Your response should contain each line of the data that includes "metis".
+---+
(* Let $\pi=\pi_1\cdots\pi_n$ be a permutation of $\{1,\dots,n\}$. The Schröder insertion tableau $P(\pi)$ has a single row if and only if for all $1\le i\le n$: (1) if $i$ is odd, then $\pi_i$ is a left-to-right maximum of $\pi$, i.e. $\pi_i>\pi_j$ for all $j<i$; (2) if $i$ is even, then $\pi_i$ is a left-to-right maximum of the sequence obtained from $\pi$ by deleting $\pi_{i-1}$, i.e. $\pi_i>\pi_j$ for all $j<i$ with $j\ne i-1$.
   Context: A Schröder tableau consists of rows $1,2,\dots$; row $r$ has $\lambda_r$ cells at positions $1,\dots,\lambda_r$ (with $\lambda_1\ge\lambda_2\ge\cdots$), each filled with a number. Cells at odd positions are upper triangles, cells at even positions are lower triangles; positions $2m-1$ and $2m$ of a row are twins (they form one square). The Schröder insertion tableau $P(\pi)$ is built as follows. Start with $P$ having one row containing $\pi_1$ at position 1. For $k=2,\dots,n$, insert $\alpha=\pi_k$ into row $i=1$ by the rule: if row $i$ is empty or $\alpha$ is larger than all its entries, place $\alpha$ in a new cell at the end of row $i$ and stop. Otherwise let $j$ be the position in row $i$ of the smallest entry larger than $\alpha$. If $j$ is even (lower triangle): remove the entry $\beta$ at position $j$, write $\alpha$ there, and insert $\beta$ into row $i+1$ by the same rule. If $j$ is odd (upper triangle) and position $j+1$ exists in row $i$ with entry $\beta$: move the entry of position $j$ to position $j+1$, write $\alpha$ at position $j$, and insert $\beta$ into row $i+1$ by the same rule. If $j$ is odd and $j$ is the last position of row $i$: move the entry of position $j$ into a new cell at position $j+1$ at the end of row $i$, write $\alpha$ at position $j$, and stop. The final $P$ is $P(\pi)$. *)

theory Defs
  imports Main
begin

(* Position p (1-based, as in the paper) of a row r is the list index p-1,
   so odd positions (upper triangles) are even indices, and even positions
   (lower triangles) are odd indices. *)

(* Insert alpha into a row.  Returns the new row and, if an entry is bumped,
   Some beta (to be inserted into the next row); None means "stop". *)
definition schroeder_row_insert :: "nat list \<Rightarrow> nat \<Rightarrow> nat list \<times> nat option" where
  "schroeder_row_insert r \<alpha> =
    (if r = [] \<or> (\<forall>x\<in>set r. x < \<alpha>) then (r @ [\<alpha>], None)
     else
       (let m = Min {x \<in> set r. \<alpha> < x};
            k = hd [i \<leftarrow> [0..<length r]. r ! i = m]
        in if odd k  \<comment> \<open>position k+1 is even: lower triangle\<close>
           then (r[k := \<alpha>], Some (r ! k))
           else if Suc k < length r  \<comment> \<open>odd position, twin exists\<close>
           then (r[Suc k := r ! k, k := \<alpha>], Some (r ! Suc k))
           else (r[k := \<alpha>] @ [r ! k], None)))"

fun schroeder_insert :: "nat list list \<Rightarrow> nat \<Rightarrow> nat list list" where
  "schroeder_insert [] \<alpha> = [[\<alpha>]]"
| "schroeder_insert (r # rs) \<alpha> =
     (case schroeder_row_insert r \<alpha> of
        (r', None) \<Rightarrow> r' # rs
      | (r', Some \<beta>) \<Rightarrow> r' # schroeder_insert rs \<beta>)"

definition schroeder_P :: "nat list \<Rightarrow> nat list list" where
  "schroeder_P \<pi> = foldl schroeder_insert [[hd \<pi>]] (tl \<pi>)"

end

theory Submission
  imports Defs
begin

text \<open>
  While P has a single row, that row is the increasing arrangement of the letters inserted so
  far. Inserting a new letter \<alpha> into an increasing row bumps nothing exactly when \<alpha> exceeds
  every entry, or when the only larger entry is the maximum sitting alone in an odd (upper)
  position, which then slides into a new twin cell; i.e. iff \<alpha> exceeds all entries except
  possibly the maximum of an odd-length row. A bumped letter opens a second row and rows never
  disappear. If the prefix already satisfies the condition of the theorem and has odd length,
  its maximum is its last letter, so this stop criterion is exactly the condition on the next
  letter.
\<close>

lemma first_index_above:
  fixes s :: "'a::linorder list"
  assumes "a \<notin> set s" "\<not> (\<forall>x\<in>set s. x < a)"
  obtains k where "k < length s" "a < s ! k" "\<forall>i<k. s ! i < a"
proof -
  have "\<exists>x\<in>set s. a < x" using assms by (metis linorder_neqE)
  then obtain k0 where "k0 < length s \<and> a < s ! k0"
    by (auto simp: in_set_conv_nth)
  then obtain k where k: "k < length s \<and> a < s ! k"
    and below: "\<forall>i<k. \<not> (i < length s \<and> a < s ! i)"
    using exists_least_iff[where P = "\<lambda>i. i < length s \<and> a < s ! i"] by blast
  have "s ! i < a" if "i < k" for i
  proof -
    have "i < length s" using that k by simp
    then have "\<not> a < s ! i" "s ! i \<noteq> a" using below that assms(1) nth_mem by blast+
    then show ?thesis by simp
  qed
  with k show thesis using that by blast
qed

lemma Max_sorted:
  fixes s :: "'a::linorder list"
  assumes "sorted s" "s \<noteq> []"
  shows "Max (set s) = last s"
proof (rule Max_eqI)
  fix x assume "x \<in> set s"
  then obtain i where "i < length s" "x = s ! i" by (auto simp: in_set_conv_nth)
  then show "x \<le> last s"
    using assms by (simp add: last_conv_nth sorted_nth_mono)
qed (use assms in auto)

lemma schroeder_row_insert_bump:
  assumes s: "sorted_wrt (<) s" and k: "k < length s" "a < s ! k" "\<forall>i<k. s ! i < a"
  shows "schroeder_row_insert s a =
    (if odd k then (s[k := a], Some (s ! k))
     else if Suc k < length s then (s[Suc k := s ! k, k := a], Some (s ! Suc k))
     else (s[k := a] @ [s ! k], None))"
proof -
  have distinct: "distinct s" using s by (simp add: strict_sorted_iff)
  have "Min {x \<in> set s. a < x} = s ! k"
  proof (rule Min_eqI)
    fix x assume "x \<in> {x \<in> set s. a < x}"
    then obtain i where i: "i < length s" "x = s ! i" "a < s ! i" by (auto simp: in_set_conv_nth)
    then show "s ! k \<le> x"
      using k s by (cases i k rule: linorder_cases) (auto simp: sorted_wrt_iff_nth_less less_imp_le)
  qed (use k in auto)
  moreover have "hd [i \<leftarrow> [0..<length s]. s ! i = s ! k] = k"
  proof -
    have "k \<in> set [i \<leftarrow> [0..<length s]. s ! i = s ! k]" using k by simp
    then have "hd [i \<leftarrow> [0..<length s]. s ! i = s ! k] \<in> set [i \<leftarrow> [0..<length s]. s ! i = s ! k]"
      by (metis empty_iff hd_in_set list.set(1))
    then show ?thesis using distinct k nth_eq_iff_index_eq by auto
  qed
  moreover have "s \<noteq> []" "\<not> (\<forall>x\<in>set s. x < a)" using k nth_mem by fastforce+
  ultimately show ?thesis by (auto simp: schroeder_row_insert_def Let_def)
qed

lemma schroeder_row_insert_stops_iff:
  assumes s: "sorted_wrt (<) s" and a: "a \<notin> set s"
  shows "snd (schroeder_row_insert s a) = None \<longleftrightarrow>
    (\<forall>x\<in>set s. x < a \<or> odd (length s) \<and> x = Max (set s))"
proof (cases "\<forall>x\<in>set s. x < a")
  case True
  then show ?thesis by (simp add: schroeder_row_insert_def)
next
  case False
  then obtain k where k: "k < length s" "a < s ! k" "\<forall>i<k. s ! i < a"
    using first_index_above[OF a False] by blast
  have distinct: "distinct s" using s by (simp add: strict_sorted_iff)
  have "s \<noteq> []" using k(1) by auto
  then have Max: "Max (set s) = s ! (length s - 1)"
    using Max_sorted[OF strict_sorted_imp_sorted[OF s]] by (simp add: last_conv_nth)
  have "snd (schroeder_row_insert s a) = None \<longleftrightarrow> even k \<and> k = length s - 1"
    using schroeder_row_insert_bump[OF s k] k by auto
  also have "\<dots> \<longleftrightarrow> (\<forall>x\<in>set s. x < a \<or> odd (length s) \<and> x = Max (set s))"
  proof
    assume last: "even k \<and> k = length s - 1"
    show "\<forall>x\<in>set s. x < a \<or> odd (length s) \<and> x = Max (set s)"
    proof
      fix x assume "x \<in> set s"
      then obtain i where "i < length s" "x = s ! i" by (auto simp: in_set_conv_nth)
      moreover have "i < k \<or> i = k" using \<open>i < length s\<close> last by linarith
      ultimately show "x < a \<or> odd (length s) \<and> x = Max (set s)"
        using k last Max by auto
    qed
  next
    assume "\<forall>x\<in>set s. x < a \<or> odd (length s) \<and> x = Max (set s)"
    then have "odd (length s)" "s ! k = s ! (length s - 1)"
      using k Max nth_mem[OF k(1)] by (auto dest: bspec[of _ _ "s ! k"])
    then show "even k \<and> k = length s - 1"
      using k(1) distinct nth_eq_iff_index_eq by fastforce
  qed
  finally show ?thesis .
qed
+---+
• [Output of the task]
  have "\<exists>x\<in>set s. a < x" using assms by (metis linorder_neqE)
      by (metis empty_iff hd_in_set list.set(1))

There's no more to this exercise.